Rebus empezó a pensar en Michael. Si no hubiera sido por él, no habría podido encontrar a Reeve, ni siquiera habría sospechado de su existencia. Y ahora iba a ir a la cárcel. Pobre Mickey.
– ¿Pero dónde lo habré puesto? Sé que está por aquí. Lo dejé aparte para enseñártelo, por si me encontrabas. Has tardado bastante tiempo en hacerlo. No has sido muy listo, ¿eh, John?
Qué fácil era olvidarse de que aquel hombre estaba loco, de que había matado a cuatro niñas como si fuera un juego y aún tenía a otra en su poder. Qué fácil.
– No -contestó-. No he sido muy listo.
Notó que se ponía tenso. El aire parecía enrarecerse. Estaba a punto de ocurrir algo. Podía sentirlo. Y para impedirlo, lo único que tenía que hacer era darle un puñetazo a Reeve en los riñones, golpearle en la nuca, reducirle y sacarlo de allí.
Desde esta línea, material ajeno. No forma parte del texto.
lemma uniformly_null_on_precompact:
  fixes g :: "nat \<Rightarrow> 'a::metric_space \<Rightarrow> real"
  assumes "compact (closure S)"
    and lipschitz: "\<And>n u v. \<bar>g n u - g n v\<bar> \<le> dist u v"
    and null: "\<And>u. u \<in> S \<Longrightarrow> (\<lambda>n. g n u) \<longlonglongrightarrow> 0"
    and "e > 0"
  shows "eventually (\<lambda>n. \<forall>u\<in>S. \<bar>g n u\<bar> < e) sequentially"
proof -
  obtain k where "finite k" and "k \<subseteq> closure S" and cover: "closure S \<subseteq> (\<Union>c\<in>k. ball c (e/4))"
    using seq_compact_imp_totally_bounded[OF compact_imp_seq_compact[OF assms(1)], rule_format, of "e/4"]
      \<open>e > 0\<close>
    by auto
  have "\<exists>s\<in>S. dist s c < e/4" if "c \<in> k" for c
  proof -
    have "c \<in> closure S"
      using that \<open>k \<subseteq> closure S\<close> by blast
    then show ?thesis
      using \<open>e > 0\<close> unfolding closure_approachable by (meson divide_pos_pos zero_less_numeral)
  qed
  then obtain s where s: "\<And>c. c \<in> k \<Longrightarrow> s c \<in> S \<and> dist (s c) c < e/4"
    by metis
  have "\<forall>c\<in>k. eventually (\<lambda>n. \<bar>g n (s c)\<bar> < e/2) sequentially"
  proof
    fix c
    assume "c \<in> k"
    then have "s c \<in> S"
      using s by blast
    then have "(\<lambda>n. \<bar>g n (s c)\<bar>) \<longlonglongrightarrow> 0"
      by (intro tendsto_rabs_zero null)
    then show "eventually (\<lambda>n. \<bar>g n (s c)\<bar> < e/2) sequentially"
      by (rule order_tendstoD(2)) (use \<open>e > 0\<close> in simp)
  qed
  then have "eventually (\<lambda>n. \<forall>c\<in>k. \<bar>g n (s c)\<bar> < e/2) sequentially"
    by (rule eventually_ball_finite[OF \<open>finite k\<close>])
  then show ?thesis
  proof eventually_elim
    case (elim n)
    show ?case
    proof
      fix u
      assume "u \<in> S"
      then have "u \<in> closure S"
        using closure_subset by blast
      then obtain c where "c \<in> k" and "dist c u < e/4"
        using cover by auto
      then have "dist u (s c) < e/2"
        using s[of c] dist_triangle[of u "s c" c] dist_commute[of c u] dist_commute[of c "s c"]
        by linarith
      moreover have "\<bar>g n (s c)\<bar> < e/2"
        using elim \<open>c \<in> k\<close> by blast
      ultimately show "\<bar>g n u\<bar> < e"
        using lipschitz[of n u "s c"] by linarith
    qed
  qed
qed

text \<open>\<open>v \<mapsto> (y\<^sub>n v)\<^sub>n\<close> as an operator into \<open>\<ell>\<^sub>\<infinity>\<close>, i.e. the bounded sequences
  \<open>nat \<Rightarrow>\<^sub>C 'b\<close>; junk unless \<open>y\<close> is bounded.\<close>
definition seq_operator ::
    "(nat \<Rightarrow> ('a::real_normed_vector \<Rightarrow>\<^sub>L 'b::real_normed_vector)) \<Rightarrow> 'a \<Rightarrow>\<^sub>L (nat \<Rightarrow>\<^sub>C 'b)" where
  "seq_operator y = Blinfun (\<lambda>v. Bcontfun (\<lambda>n. blinfun_apply (y n) v))"

lemma seq_operator_apply:
  assumes "Bseq y"
  shows "apply_bcontfun (blinfun_apply (seq_operator y) v) n = blinfun_apply (y n) v"
proof -
  obtain K where K: "\<And>n. norm (y n) \<le> K"
    using assms by (auto simp: Bseq_def)
  have bound: "norm (blinfun_apply (y n) v) \<le> K * norm v" for n v
    using norm_blinfun[of "y n" v] K[of n] by (meson mult_right_mono norm_ge_zero order_trans)
  define Y where "Y v = Bcontfun (\<lambda>n. blinfun_apply (y n) v)" for v
  have "(\<lambda>n. blinfun_apply (y n) v) \<in> bcontfun" for v
    by (rule bcontfun_normI[OF _ bound]) (simp add: continuous_on_discrete)
  then have coord: "apply_bcontfun (Y v) n = blinfun_apply (y n) v" for v n
    by (simp add: Y_def Bcontfun_inverse)
  have "bounded_linear Y"
  proof (rule bounded_linear_intro[where K=K])
    show "Y (a + b) = Y a + Y b" for a b
      by (rule bcontfun_eqI) (simp add: coord blinfun.add_right)
    show "Y (r *\<^sub>R a) = r *\<^sub>R Y a" for r a
      by (rule bcontfun_eqI) (simp add: coord blinfun.scaleR_right)
    show "norm (Y a) \<le> norm a * K" for a
      by (rule norm_bound) (simp add: coord bound mult.commute)
  qed
  then show ?thesis
    by (simp add: seq_operator_def Y_def[symmetric] bounded_linear_Blinfun_apply coord)
qed

lemma p_DPL_set_seq_operator:
  fixes y :: "nat \<Rightarrow> ('a::real_normed_vector \<Rightarrow>\<^sub>L real)"
  assumes "0 < p" and "weakly_null y" and "Bseq y"
  shows "p_DPL_set p {seq_operator y}"
  unfolding p_DPL_set_def
proof (intro allI impI)
  fix x :: "nat \<Rightarrow> 'a" and e :: real
  assume "p_right_null p x" and "e > 0"
  then have "dunford_pettis_set (range x)" and wx: "weakly_null x"
    using assms(1) weakly_p_summable_imp_weakly_null by (auto simp: p_right_null_def)
  then have "eventually (\<lambda>n. \<forall>v\<in>range x. \<bar>blinfun_apply (y n) v\<bar> < e/2) sequentially"
    using assms(2) \<open>e > 0\<close> unfolding dunford_pettis_set_def by (meson half_gt_zero)
  then obtain N where tail: "\<And>n k. n \<ge> N \<Longrightarrow> \<bar>blinfun_apply (y n) (x k)\<bar> < e/2"
    unfolding eventually_sequentially by blast
  have "eventually (\<lambda>k. \<bar>blinfun_apply (y n) (x k)\<bar> < e/2) sequentially" for n
    using wx \<open>e > 0\<close>
    by (intro order_tendstoD(2)[OF tendsto_rabs_zero]) (simp_all add: weakly_null_def)
  then have "eventually (\<lambda>k. \<forall>n\<in>{..<N}. \<bar>blinfun_apply (y n) (x k)\<bar> < e/2) sequentially"
    by (intro eventually_ball_finite) auto
  then show "eventually (\<lambda>k. \<forall>T\<in>{seq_operator y}. norm (blinfun_apply T (x k)) < e) sequentially"
  proof eventually_elim
    case (elim k)
    have "\<bar>blinfun_apply (y n) (x k)\<bar> < e/2" for n
    proof (cases "n < N")
      case True
      then show ?thesis
        using elim by simp
    next
      case False
      then show ?thesis
        using tail by simp
    qed
    then have "norm (blinfun_apply (seq_operator y) (x k)) \<le> e/2"
      by (intro norm_bound) (simp add: seq_operator_apply[OF assms(3)] less_imp_le)
    then show ?case
      using \<open>e > 0\<close> by simp
  qed
qed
¿Por qué no lo hacía? No lo sabía. Su única certeza era que ocurriría lo que tuviera que ocurrir, y que sería tan previsible como los planos de un edificio o una partida de tres en raya como las de años atrás. Reeve había empezado aquel juego y eso le dejaba a él en la posición del perdedor. Pero tenía que seguir jugando.